╭─ THE DATA
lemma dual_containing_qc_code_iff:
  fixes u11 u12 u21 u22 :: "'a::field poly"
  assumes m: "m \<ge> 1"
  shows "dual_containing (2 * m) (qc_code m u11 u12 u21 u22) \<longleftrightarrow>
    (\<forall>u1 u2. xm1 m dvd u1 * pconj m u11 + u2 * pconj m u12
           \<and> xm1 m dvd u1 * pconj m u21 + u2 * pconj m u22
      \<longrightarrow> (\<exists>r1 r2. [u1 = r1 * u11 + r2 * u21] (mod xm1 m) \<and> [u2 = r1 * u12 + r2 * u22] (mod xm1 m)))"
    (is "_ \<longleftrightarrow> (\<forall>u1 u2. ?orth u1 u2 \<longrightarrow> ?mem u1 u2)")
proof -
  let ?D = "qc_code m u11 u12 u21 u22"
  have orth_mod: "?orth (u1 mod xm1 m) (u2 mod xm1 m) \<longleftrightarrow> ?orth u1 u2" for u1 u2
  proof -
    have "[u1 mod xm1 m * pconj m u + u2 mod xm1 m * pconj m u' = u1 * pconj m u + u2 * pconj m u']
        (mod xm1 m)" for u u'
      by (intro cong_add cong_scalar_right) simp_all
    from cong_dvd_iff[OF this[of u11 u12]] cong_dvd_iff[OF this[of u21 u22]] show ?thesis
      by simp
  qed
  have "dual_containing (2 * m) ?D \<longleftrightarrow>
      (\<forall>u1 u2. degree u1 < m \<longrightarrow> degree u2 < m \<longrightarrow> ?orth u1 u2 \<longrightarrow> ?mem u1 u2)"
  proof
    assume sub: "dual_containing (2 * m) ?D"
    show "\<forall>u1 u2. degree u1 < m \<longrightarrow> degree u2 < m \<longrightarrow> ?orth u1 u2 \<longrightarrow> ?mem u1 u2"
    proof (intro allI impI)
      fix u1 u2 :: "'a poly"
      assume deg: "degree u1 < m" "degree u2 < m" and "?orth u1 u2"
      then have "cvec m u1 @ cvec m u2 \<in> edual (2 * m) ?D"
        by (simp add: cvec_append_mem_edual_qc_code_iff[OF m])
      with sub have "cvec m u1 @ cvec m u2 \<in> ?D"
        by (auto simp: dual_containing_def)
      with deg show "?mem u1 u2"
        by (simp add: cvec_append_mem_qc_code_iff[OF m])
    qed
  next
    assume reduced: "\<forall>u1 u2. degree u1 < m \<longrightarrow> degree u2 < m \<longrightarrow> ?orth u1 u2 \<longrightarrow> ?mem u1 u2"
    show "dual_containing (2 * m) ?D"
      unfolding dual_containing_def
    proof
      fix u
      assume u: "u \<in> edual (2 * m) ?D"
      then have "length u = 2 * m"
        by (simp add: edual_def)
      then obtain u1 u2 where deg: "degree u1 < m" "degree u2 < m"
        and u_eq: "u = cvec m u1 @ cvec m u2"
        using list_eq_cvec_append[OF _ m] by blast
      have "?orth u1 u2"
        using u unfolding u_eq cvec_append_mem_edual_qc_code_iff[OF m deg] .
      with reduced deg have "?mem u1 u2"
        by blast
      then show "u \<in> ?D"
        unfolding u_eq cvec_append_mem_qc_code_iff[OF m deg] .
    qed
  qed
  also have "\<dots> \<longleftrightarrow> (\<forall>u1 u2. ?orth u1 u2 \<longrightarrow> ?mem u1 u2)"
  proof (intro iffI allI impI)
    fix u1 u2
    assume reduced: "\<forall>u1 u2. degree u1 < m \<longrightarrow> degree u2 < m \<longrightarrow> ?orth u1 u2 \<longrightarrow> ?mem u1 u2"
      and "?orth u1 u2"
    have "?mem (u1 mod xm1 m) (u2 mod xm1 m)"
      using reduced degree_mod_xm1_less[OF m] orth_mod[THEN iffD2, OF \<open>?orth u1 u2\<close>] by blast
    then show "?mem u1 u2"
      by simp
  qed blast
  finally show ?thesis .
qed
╰─
╭─ THE DATA
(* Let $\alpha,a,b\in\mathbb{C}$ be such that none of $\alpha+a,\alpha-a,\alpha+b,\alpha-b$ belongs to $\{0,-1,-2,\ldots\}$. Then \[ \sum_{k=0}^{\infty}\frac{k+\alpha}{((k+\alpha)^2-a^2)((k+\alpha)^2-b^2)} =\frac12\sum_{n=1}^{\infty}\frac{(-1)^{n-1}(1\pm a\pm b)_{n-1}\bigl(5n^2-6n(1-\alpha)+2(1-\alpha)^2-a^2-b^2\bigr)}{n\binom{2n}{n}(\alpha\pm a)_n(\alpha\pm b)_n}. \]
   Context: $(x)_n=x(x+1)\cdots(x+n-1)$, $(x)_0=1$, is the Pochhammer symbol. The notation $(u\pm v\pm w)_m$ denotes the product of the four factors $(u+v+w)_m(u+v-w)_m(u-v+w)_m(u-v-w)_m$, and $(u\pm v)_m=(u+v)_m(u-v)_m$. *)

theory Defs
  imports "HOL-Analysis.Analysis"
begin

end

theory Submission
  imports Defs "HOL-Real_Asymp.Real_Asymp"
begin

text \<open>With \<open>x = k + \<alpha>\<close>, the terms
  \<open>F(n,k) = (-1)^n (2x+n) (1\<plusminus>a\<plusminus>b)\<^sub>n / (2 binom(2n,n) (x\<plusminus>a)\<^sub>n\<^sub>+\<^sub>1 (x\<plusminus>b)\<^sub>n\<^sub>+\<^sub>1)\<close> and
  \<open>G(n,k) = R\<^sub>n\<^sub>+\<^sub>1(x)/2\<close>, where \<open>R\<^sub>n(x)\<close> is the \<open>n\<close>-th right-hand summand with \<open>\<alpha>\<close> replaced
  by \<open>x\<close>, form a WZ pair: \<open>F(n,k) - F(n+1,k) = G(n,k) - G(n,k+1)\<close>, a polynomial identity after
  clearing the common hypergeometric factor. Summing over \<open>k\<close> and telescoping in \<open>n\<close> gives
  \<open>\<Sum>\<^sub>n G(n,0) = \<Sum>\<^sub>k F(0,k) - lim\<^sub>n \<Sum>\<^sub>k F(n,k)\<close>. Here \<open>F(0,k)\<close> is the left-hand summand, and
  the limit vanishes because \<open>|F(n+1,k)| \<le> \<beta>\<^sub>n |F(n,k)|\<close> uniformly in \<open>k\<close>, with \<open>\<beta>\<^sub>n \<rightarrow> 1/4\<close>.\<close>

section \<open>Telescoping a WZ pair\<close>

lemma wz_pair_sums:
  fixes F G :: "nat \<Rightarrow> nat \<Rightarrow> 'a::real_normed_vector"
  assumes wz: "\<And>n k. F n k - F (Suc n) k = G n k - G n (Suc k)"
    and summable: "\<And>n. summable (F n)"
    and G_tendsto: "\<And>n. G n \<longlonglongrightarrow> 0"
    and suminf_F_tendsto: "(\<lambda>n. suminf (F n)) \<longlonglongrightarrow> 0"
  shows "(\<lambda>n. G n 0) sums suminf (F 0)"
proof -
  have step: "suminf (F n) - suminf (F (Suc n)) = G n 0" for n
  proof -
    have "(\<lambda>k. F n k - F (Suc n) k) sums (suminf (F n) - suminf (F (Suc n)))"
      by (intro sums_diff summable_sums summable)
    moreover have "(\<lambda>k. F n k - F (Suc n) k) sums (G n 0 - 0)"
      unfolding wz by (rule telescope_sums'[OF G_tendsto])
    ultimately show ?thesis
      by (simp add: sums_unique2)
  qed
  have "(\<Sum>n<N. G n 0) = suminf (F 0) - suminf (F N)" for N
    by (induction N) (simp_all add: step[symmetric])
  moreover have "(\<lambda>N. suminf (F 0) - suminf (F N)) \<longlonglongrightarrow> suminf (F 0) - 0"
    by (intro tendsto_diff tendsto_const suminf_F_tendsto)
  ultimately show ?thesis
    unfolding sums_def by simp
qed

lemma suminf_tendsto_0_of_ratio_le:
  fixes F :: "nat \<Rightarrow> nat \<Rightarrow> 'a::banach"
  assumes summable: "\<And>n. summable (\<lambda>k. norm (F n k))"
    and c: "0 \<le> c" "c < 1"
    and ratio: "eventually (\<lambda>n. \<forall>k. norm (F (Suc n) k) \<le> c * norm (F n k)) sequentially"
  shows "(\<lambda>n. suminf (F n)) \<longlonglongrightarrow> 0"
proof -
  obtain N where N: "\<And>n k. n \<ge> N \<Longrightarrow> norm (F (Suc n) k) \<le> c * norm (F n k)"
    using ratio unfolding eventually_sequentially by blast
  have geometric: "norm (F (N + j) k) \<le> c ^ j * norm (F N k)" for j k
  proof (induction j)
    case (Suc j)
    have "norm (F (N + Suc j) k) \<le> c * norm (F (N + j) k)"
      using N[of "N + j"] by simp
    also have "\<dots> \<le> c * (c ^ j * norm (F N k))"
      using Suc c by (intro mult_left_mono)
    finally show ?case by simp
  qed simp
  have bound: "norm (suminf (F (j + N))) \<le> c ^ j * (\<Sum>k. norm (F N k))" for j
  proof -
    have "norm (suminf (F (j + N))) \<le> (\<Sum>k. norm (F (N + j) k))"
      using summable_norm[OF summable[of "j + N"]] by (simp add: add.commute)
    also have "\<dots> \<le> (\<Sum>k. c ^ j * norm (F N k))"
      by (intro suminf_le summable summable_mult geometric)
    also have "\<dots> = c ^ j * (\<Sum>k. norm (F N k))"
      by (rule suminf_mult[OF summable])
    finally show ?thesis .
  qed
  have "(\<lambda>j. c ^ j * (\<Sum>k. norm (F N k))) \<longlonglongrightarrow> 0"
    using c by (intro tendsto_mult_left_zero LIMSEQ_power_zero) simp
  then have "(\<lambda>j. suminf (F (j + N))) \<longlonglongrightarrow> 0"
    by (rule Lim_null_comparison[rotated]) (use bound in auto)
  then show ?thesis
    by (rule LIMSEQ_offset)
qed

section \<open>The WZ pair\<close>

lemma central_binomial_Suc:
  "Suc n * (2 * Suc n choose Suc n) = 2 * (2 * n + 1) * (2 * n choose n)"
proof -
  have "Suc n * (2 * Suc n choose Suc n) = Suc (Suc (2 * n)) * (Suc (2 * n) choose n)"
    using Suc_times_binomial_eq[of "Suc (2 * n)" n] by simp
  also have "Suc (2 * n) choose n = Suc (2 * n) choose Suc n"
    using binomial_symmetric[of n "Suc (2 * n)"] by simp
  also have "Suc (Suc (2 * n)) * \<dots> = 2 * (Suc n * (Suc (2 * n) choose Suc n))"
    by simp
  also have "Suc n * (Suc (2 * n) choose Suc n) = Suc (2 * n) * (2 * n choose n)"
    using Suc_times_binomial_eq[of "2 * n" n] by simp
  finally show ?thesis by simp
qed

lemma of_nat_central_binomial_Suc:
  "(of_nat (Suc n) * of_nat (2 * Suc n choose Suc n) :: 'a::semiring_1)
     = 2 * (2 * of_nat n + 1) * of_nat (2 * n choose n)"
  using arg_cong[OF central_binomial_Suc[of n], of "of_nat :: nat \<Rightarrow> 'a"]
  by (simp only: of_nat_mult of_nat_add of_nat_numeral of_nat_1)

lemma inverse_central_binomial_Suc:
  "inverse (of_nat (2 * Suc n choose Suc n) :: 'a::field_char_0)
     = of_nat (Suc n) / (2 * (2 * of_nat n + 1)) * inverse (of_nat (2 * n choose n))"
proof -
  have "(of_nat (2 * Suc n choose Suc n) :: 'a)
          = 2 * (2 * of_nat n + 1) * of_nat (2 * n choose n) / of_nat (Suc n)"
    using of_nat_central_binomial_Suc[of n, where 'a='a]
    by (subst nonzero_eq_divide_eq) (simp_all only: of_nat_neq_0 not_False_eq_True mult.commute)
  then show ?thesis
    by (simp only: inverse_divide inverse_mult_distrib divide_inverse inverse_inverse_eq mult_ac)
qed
╰─
▶ [AIM OF THE EXERCISE]: Please make an exact copy of the lines above from the line with "Context: $(x)_n=x(x+1)\cdots(x+n-1)$, $(x)_0=1$, is" through the line with "text \<open>With \<open>x", both ends included.

▶ [TASK SOLUTION]:
   Context: $(x)_n=x(x+1)\cdots(x+n-1)$, $(x)_0=1$, is the Pochhammer symbol. The notation $(u\pm v\pm w)_m$ denotes the product of the four factors $(u+v+w)_m(u+v-w)_m(u-v+w)_m(u-v-w)_m$, and $(u\pm v)_m=(u+v)_m(u-v)_m$. *)

theory Defs
  imports "HOL-Analysis.Analysis"
begin

end

theory Submission
  imports Defs "HOL-Real_Asymp.Real_Asymp"
begin

text \<open>With \<open>x = k + \<alpha>\<close>, the terms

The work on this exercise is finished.